24. The device of claim 23, wherein the infectious agent is selected from respiratory syncytial virus, influenza A virus, influenza B virus, and human metapneumovirus.

25. The device of claim 23, wherein the infectious agent is a Borrelia species.

26. The device of claim 23, wherein each capture zone comprises a capture reagent for a drug of abuse.

27. The device of claim 26, wherein the drug of abuse is selected from fentanyl, buprenorphine, oxycodone, and 7-aminoclonazepam.

28. The device of claim 22, wherein each capture zone comprises a capture reagent to discriminate bacterial from viral infection.

29. The device of claim 28, wherein the capture reagent comprises a reagent that binds or interacts with tumor necrosis factor-related apoptosis-inducing ligand (TRAIL), C-reactive protein (CRP), interferon-gamma-induced protein-10 (IP-10), Radical S-Adenosyl Methionine Domain Containing 2 (RSAD2), MX dynamin like GTPase 1 (MX1 or MxA), MX dynamin like GTPase 2 (MX2 or MxB), neutrophil gelatinase-associated lipocalin (NGAL), and procalcitonin (PCT).
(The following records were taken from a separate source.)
(* Let $f:[0,1]^n\to[0,1]$ be continuous and such that $f$ and $1-f$ are polynomially bounded. Then there exists a function $g:[0,1]^n\to[0,1]$ that is implementable by a finite Bernoulli factory such that the function $\tilde f(p)=\frac43\left(f(p)-\frac14 g(p)\right)$ maps $[0,1]^n$ into $[0,1]$, is continuous, and both $\tilde f$ and $1-\tilde f$ are polynomially bounded.
   Context: A (multiparameter) Bernoulli factory with input $(p_1,\dots,p_n)$ is a (possibly infinite) rooted binary tree in which every node has either $2$ children or $0$ children (leaf). Each internal node is labelled either by an index $i\in[n]$ or by a constant $c\in(0,1)$; each leaf is labelled $0$ or $1$. To execute it with coins $p\in[0,1]^n$, start at the root; at a node labelled $i$ draw a fresh independent Bernoulli($p_i$) sample, at a node labelled $c$ a fresh independent Bernoulli($c$) sample; move to the child corresponding to the outcome; upon reaching a leaf output its label. A function $g$ is implementable by a factory if for every $p\in[0,1]^n$ a leaf is reached almost surely and the output is $1$ with probability exactly $g(p)$. The factory is finite if its tree has finitely many nodes. For a partition $[n]=A\sqcup S\sqcup B$, the open face is $F_{A,S,B}=\{p\in[0,1]^n: p_i=0\ (i\in A),\ 0<p_i<1\ (i\in S),\ p_i=1\ (i\in B)\}$. For $T\subseteq[n]$, $p^T=\prod_{i\in T}p_i$, $(1-p)^T=\prod_{i\in T}(1-p_i)$. A function $h:[0,1]^n\to[0,1]$ is polynomially bounded if there exist an integer $m\ge0$ and a real $c>0$ such that for every open face $F_{A,S,B}$ on which $h$ is not identically $0$, $h(p)\ge c\left((1-p)^A p^S(1-p)^S p^B\right)^m$ for all $p\in[0,1]^n$. *)

theory Defs
  imports "HOL-Analysis.Analysis"
begin

text \<open>Internal nodes are labelled
by a coin index (an element of the finite index type 'i, playing the role of [n]) or by a
constant c; leaves are labelled 0/1 (False/True). Since HOL datatype values are finite,
every value of this type is a finite tree. The first child is taken on outcome 1, the
second on outcome 0.\<close>

datatype 'i factory =
    Leaf bool
  | Coin 'i "'i factory" "'i factory"
  | Const real "'i factory" "'i factory"

fun valid_factory :: "'i factory \<Rightarrow> bool" where
  "valid_factory (Leaf b) = True"
| "valid_factory (Coin i t1 t0) = (valid_factory t1 \<and> valid_factory t0)"
| "valid_factory (Const c t1 t0) = (0 < c \<and> c < 1 \<and> valid_factory t1 \<and> valid_factory t0)"

fun factory_prob :: "'i factory \<Rightarrow> (real ^ 'i) \<Rightarrow> real" where
  "factory_prob (Leaf b) p = (if b then 1 else 0)"
| "factory_prob (Coin i t1 t0) p = p $ i * factory_prob t1 p + (1 - p $ i) * factory_prob t0 p"
| "factory_prob (Const c t1 t0) p = c * factory_prob t1 p + (1 - c) * factory_prob t0 p"

definition unit_cube :: "(real ^ 'n::finite) set" where
  "unit_cube = {p. \<forall>i. 0 \<le> p $ i \<and> p $ i \<le> 1}"

definition finite_factory_implementable :: "((real ^ 'n::finite) \<Rightarrow> real) \<Rightarrow> bool" where
  "finite_factory_implementable g \<longleftrightarrow>
     (\<exists>t::'n factory. valid_factory t \<and> (\<forall>p\<in>unit_cube. g p = factory_prob t p))"

definition open_face :: "'n set \<Rightarrow> 'n set \<Rightarrow> 'n set \<Rightarrow> (real ^ 'n::finite) set" where
  "open_face A S B = {p. (\<forall>i\<in>A. p $ i = 0) \<and> (\<forall>i\<in>S. 0 < p $ i \<and> p $ i < 1) \<and> (\<forall>i\<in>B. p $ i = 1)}"

definition is_partition3 :: "'n set \<Rightarrow> 'n set \<Rightarrow> 'n set \<Rightarrow> bool" where
  "is_partition3 A S B \<longleftrightarrow> A \<inter> S = {} \<and> A \<inter> B = {} \<and> S \<inter> B = {} \<and> A \<union> S \<union> B = UNIV"

definition poly_bounded :: "((real ^ 'n::finite) \<Rightarrow> real) \<Rightarrow> bool" where
  "poly_bounded h \<longleftrightarrow>
     (\<exists>(m::nat) (c::real). c > 0 \<and>
        (\<forall>A S B. is_partition3 A S B \<longrightarrow> (\<exists>q\<in>open_face A S B. h q \<noteq> 0) \<longrightarrow>
           (\<forall>p\<in>unit_cube.
              h p \<ge> c * ((\<Prod>i\<in>A. 1 - p $ i) * (\<Prod>i\<in>S. p $ i) * (\<Prod>i\<in>S. 1 - p $ i)
                          * (\<Prod>i\<in>B. p $ i)) ^ m)))"

end

theory Submission
  imports Defs
begin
30. The device of claim 22, wherein the capture reagent is a (i) monoclonal or a polyclonal antibody, (ii) a fragment of TRAIL, CRP, IL-10, RSAD2, MX1, MX2, NGAL, PCT or (iii) a fragment of an infectious agent.

31. The device of claim 1, wherein the substrate is a laminate comprising a hydrophobic material.

32. A method of diagnosing, treating, or both a condition or disorder in a subject, comprising: optionally, diagnosing the condition or disorder, and optionally treating the condition or disorder with a suitable therapeutic agent.

providing a device of any preceding claim,

contacting the device with a biological sample from the subject; and

determining presence or absence of the condition or disorder, and

33. The method of claim 32, wherein the condition or disorder is a bacterial infection, a viral infection, or an addiction or misuse of a drug.

34. The method of claim 33, wherein the viral infection is a respiratory infection.

35. The method of claim 33, wherein the bacterial infection is Lyme disease or sepsis.

36. The method of any one of claims 32, wherein treating the condition or disorder with a suitable therapeutic agent comprises treating with an antibiotic.